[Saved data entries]
>>>>>

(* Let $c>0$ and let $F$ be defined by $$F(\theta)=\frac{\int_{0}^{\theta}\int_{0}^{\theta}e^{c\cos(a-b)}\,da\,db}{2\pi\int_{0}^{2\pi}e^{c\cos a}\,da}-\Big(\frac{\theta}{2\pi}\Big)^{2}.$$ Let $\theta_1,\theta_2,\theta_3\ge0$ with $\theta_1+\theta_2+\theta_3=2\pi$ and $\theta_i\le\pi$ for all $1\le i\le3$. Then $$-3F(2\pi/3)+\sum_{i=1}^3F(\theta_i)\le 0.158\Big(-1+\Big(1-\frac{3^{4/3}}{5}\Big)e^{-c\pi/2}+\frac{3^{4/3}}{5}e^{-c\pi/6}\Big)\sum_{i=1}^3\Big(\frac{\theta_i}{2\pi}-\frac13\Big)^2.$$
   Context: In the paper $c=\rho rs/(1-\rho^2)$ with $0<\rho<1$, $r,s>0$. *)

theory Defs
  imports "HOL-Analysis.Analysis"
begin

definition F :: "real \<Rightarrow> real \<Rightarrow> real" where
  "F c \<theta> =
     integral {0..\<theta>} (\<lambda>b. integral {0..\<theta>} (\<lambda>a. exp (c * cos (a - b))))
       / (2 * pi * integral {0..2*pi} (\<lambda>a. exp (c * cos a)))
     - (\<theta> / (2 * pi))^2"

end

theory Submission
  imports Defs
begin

<<<<<
>>>>>

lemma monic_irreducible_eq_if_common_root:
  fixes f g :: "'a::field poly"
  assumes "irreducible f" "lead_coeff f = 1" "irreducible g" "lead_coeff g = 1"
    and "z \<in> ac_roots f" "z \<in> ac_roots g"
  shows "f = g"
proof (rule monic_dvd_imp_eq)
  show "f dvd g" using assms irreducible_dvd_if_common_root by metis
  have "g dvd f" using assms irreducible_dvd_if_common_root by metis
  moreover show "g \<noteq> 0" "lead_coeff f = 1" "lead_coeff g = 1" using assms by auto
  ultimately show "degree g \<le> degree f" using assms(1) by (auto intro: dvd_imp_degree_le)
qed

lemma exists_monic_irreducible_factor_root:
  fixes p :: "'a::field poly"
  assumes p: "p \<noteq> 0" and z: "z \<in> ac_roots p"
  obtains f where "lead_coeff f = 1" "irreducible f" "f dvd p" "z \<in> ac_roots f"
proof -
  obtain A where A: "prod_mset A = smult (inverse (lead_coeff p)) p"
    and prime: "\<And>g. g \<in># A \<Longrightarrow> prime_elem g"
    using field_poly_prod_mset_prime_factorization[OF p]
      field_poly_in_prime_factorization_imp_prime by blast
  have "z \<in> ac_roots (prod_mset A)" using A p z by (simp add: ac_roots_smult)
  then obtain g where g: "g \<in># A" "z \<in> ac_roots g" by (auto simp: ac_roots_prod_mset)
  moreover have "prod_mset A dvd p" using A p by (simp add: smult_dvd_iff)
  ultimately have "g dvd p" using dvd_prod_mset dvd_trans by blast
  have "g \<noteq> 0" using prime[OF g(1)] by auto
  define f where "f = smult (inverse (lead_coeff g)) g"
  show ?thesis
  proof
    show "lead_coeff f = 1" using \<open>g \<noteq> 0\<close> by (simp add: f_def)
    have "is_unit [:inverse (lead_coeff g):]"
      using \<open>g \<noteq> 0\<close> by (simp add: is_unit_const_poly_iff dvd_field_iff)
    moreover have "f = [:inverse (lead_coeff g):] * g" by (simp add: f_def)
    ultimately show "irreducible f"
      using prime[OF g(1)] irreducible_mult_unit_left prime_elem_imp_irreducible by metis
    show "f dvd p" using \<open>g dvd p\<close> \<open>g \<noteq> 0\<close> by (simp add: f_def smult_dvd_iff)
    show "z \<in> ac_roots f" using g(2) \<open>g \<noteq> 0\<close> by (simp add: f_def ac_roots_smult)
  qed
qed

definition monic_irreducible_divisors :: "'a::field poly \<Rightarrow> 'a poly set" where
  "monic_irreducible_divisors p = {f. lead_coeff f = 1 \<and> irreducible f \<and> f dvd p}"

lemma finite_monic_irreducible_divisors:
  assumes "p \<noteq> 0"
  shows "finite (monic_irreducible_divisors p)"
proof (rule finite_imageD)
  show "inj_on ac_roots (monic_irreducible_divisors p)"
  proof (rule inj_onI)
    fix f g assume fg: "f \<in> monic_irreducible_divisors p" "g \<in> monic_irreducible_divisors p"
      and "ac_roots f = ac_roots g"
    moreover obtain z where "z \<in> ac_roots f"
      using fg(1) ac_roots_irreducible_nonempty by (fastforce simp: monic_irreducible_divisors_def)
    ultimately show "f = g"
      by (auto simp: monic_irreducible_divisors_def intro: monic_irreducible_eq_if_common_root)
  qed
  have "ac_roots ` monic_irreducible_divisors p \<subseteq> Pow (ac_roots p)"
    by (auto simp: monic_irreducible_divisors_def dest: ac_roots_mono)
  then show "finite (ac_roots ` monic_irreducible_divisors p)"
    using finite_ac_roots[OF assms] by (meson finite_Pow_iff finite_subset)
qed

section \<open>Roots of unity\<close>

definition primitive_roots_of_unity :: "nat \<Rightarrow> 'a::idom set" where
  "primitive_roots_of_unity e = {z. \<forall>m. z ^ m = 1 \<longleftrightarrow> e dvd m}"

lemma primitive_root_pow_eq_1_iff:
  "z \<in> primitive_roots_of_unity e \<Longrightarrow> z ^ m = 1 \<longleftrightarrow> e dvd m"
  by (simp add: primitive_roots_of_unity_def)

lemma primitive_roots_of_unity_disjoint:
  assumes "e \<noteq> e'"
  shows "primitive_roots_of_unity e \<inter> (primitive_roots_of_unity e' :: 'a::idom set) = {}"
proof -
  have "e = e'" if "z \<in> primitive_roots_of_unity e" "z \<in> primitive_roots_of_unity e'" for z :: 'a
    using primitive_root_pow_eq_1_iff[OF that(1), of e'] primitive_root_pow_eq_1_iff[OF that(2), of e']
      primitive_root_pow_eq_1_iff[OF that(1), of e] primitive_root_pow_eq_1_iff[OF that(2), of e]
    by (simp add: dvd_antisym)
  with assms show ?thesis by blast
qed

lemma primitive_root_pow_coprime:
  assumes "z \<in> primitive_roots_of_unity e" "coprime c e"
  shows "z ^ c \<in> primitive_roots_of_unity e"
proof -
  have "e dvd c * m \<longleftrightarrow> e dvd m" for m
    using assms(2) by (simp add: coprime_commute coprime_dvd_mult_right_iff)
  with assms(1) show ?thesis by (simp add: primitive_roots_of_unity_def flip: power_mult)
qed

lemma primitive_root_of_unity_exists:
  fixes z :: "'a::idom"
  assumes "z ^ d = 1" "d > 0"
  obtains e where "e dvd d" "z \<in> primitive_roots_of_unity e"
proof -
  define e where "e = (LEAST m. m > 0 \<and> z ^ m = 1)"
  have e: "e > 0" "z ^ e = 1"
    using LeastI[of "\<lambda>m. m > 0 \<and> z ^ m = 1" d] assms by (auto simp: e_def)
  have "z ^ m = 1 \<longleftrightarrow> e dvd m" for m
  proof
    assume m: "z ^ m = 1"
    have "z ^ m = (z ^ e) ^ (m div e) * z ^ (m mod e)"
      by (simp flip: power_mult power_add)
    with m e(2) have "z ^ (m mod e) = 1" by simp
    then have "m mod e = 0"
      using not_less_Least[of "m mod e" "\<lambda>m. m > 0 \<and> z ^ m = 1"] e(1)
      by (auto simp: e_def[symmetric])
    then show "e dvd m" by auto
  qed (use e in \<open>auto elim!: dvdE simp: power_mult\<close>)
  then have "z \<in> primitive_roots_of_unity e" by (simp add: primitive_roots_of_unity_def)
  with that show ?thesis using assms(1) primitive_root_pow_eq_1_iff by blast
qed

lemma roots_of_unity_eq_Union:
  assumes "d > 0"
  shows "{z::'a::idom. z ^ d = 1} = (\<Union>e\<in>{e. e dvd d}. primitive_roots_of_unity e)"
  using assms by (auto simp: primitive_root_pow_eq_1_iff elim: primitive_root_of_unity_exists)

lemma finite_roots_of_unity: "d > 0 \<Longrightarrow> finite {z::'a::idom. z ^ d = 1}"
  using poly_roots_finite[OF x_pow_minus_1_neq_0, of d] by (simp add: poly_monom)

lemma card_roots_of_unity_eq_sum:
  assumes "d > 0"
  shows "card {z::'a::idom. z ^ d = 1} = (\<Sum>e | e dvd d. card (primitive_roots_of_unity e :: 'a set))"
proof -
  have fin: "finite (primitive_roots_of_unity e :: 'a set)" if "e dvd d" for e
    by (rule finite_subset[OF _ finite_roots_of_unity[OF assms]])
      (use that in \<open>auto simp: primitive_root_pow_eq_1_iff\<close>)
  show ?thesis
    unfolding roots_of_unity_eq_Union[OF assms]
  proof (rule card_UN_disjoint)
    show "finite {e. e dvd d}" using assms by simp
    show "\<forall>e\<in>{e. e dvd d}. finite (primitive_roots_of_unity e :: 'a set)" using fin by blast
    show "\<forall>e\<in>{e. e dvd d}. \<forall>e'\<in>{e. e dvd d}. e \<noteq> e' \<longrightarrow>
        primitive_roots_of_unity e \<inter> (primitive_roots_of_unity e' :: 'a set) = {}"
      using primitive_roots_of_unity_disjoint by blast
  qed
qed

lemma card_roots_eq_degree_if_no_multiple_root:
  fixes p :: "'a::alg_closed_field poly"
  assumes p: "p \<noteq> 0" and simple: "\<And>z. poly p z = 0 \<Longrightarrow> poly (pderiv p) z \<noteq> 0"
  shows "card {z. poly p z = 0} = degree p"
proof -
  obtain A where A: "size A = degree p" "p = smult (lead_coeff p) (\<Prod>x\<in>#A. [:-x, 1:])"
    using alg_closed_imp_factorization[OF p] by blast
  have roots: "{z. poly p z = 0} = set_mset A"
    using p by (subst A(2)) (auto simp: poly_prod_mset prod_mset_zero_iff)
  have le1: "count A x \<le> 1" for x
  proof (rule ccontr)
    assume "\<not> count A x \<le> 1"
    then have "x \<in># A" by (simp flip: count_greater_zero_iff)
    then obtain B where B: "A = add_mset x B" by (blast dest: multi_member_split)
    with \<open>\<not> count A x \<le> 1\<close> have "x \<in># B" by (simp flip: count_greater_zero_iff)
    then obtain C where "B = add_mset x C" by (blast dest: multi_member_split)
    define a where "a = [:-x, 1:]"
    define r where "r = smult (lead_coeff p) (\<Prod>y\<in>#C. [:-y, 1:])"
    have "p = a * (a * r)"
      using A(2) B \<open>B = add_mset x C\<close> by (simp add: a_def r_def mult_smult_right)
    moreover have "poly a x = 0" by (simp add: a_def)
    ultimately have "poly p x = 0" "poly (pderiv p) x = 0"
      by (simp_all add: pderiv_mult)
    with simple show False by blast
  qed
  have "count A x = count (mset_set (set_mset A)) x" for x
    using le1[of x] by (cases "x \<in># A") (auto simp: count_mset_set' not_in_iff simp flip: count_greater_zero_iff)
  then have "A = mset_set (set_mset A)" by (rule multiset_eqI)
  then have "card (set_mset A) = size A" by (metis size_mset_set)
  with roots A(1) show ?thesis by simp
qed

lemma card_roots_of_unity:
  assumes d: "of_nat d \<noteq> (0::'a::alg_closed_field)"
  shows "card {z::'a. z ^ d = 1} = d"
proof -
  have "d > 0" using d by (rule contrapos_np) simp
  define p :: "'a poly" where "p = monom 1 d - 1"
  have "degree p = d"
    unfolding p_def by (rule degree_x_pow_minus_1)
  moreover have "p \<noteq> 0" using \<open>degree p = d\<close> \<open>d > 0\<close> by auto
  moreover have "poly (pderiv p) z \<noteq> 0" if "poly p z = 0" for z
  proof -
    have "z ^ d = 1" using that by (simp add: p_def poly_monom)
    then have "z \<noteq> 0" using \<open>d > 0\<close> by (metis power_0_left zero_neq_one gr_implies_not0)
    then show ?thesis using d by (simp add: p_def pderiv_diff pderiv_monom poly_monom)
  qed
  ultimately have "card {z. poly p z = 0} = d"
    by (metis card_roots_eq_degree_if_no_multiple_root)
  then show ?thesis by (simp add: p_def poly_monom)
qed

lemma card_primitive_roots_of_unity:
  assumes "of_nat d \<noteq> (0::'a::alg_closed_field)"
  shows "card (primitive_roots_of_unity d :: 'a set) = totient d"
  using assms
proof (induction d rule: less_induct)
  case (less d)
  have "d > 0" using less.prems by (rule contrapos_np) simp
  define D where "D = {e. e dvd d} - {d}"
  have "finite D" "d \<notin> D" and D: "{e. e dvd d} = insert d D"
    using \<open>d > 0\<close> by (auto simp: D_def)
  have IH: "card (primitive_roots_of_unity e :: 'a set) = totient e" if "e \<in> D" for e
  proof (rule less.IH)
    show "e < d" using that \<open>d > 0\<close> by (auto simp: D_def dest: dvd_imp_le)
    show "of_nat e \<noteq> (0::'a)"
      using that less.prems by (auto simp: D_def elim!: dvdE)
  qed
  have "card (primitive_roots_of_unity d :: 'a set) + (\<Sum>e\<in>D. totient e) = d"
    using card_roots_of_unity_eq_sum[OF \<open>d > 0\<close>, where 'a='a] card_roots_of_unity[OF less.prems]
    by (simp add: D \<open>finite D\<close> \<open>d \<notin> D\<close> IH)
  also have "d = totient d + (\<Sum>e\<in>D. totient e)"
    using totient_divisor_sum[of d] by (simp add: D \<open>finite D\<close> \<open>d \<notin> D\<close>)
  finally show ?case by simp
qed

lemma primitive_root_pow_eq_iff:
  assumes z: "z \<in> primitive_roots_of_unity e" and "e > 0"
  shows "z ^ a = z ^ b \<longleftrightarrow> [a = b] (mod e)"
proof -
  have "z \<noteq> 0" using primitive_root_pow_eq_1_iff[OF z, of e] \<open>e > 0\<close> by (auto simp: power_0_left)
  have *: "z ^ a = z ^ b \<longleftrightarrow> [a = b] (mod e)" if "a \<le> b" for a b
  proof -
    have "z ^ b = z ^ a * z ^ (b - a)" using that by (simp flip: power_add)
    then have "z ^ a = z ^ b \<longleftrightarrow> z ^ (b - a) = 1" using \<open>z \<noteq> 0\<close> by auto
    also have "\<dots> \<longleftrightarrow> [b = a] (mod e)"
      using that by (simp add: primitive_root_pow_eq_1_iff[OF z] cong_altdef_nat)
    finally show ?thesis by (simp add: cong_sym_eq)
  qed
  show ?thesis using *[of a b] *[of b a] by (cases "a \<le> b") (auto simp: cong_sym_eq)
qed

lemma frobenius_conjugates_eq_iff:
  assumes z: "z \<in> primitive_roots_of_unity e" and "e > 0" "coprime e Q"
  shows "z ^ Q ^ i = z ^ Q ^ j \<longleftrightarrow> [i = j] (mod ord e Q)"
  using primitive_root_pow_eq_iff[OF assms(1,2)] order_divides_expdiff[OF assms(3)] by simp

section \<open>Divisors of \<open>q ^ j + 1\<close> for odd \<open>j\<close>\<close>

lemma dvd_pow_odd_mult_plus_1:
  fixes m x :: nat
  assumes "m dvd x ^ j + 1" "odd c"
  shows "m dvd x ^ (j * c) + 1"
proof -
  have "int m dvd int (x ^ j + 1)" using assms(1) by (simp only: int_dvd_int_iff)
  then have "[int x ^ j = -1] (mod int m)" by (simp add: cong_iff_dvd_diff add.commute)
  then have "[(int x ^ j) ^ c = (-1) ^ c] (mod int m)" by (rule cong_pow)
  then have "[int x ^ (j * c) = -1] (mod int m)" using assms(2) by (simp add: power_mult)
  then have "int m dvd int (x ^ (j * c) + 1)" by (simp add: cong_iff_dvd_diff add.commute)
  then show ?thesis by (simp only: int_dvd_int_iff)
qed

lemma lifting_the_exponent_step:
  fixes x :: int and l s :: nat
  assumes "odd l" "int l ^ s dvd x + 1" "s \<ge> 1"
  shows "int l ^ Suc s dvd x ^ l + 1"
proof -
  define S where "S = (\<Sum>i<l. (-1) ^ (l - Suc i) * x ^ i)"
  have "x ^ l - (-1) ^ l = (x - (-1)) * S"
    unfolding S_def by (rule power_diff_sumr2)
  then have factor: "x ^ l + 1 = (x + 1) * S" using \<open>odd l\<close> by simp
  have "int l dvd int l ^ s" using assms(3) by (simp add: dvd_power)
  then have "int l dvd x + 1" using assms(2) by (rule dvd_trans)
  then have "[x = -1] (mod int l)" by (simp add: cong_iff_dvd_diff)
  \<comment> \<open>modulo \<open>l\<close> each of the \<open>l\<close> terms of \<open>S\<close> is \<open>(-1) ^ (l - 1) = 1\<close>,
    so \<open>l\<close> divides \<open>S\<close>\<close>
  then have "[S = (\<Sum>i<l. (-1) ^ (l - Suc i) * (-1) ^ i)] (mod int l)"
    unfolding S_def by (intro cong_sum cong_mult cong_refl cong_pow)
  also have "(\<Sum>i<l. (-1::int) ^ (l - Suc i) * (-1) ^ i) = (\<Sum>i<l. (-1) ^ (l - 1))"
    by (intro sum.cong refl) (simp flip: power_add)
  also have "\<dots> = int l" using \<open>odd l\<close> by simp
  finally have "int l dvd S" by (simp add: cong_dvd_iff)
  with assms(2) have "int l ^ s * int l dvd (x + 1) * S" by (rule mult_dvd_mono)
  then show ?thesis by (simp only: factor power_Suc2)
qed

<<<<<

» **Task description**: Keeping every character as it is, restate the lines above that run from the line with "by (rule finite_subset[OF" through the line with "assms by simp", both included, and nothing else.

» **Response area**:
    by (rule finite_subset[OF _ finite_roots_of_unity[OF assms]])
      (use that in \<open>auto simp: primitive_root_pow_eq_1_iff\<close>)
  show ?thesis
    unfolding roots_of_unity_eq_Union[OF assms]
  proof (rule card_UN_disjoint)
    show "finite {e. e dvd d}" using assms by simp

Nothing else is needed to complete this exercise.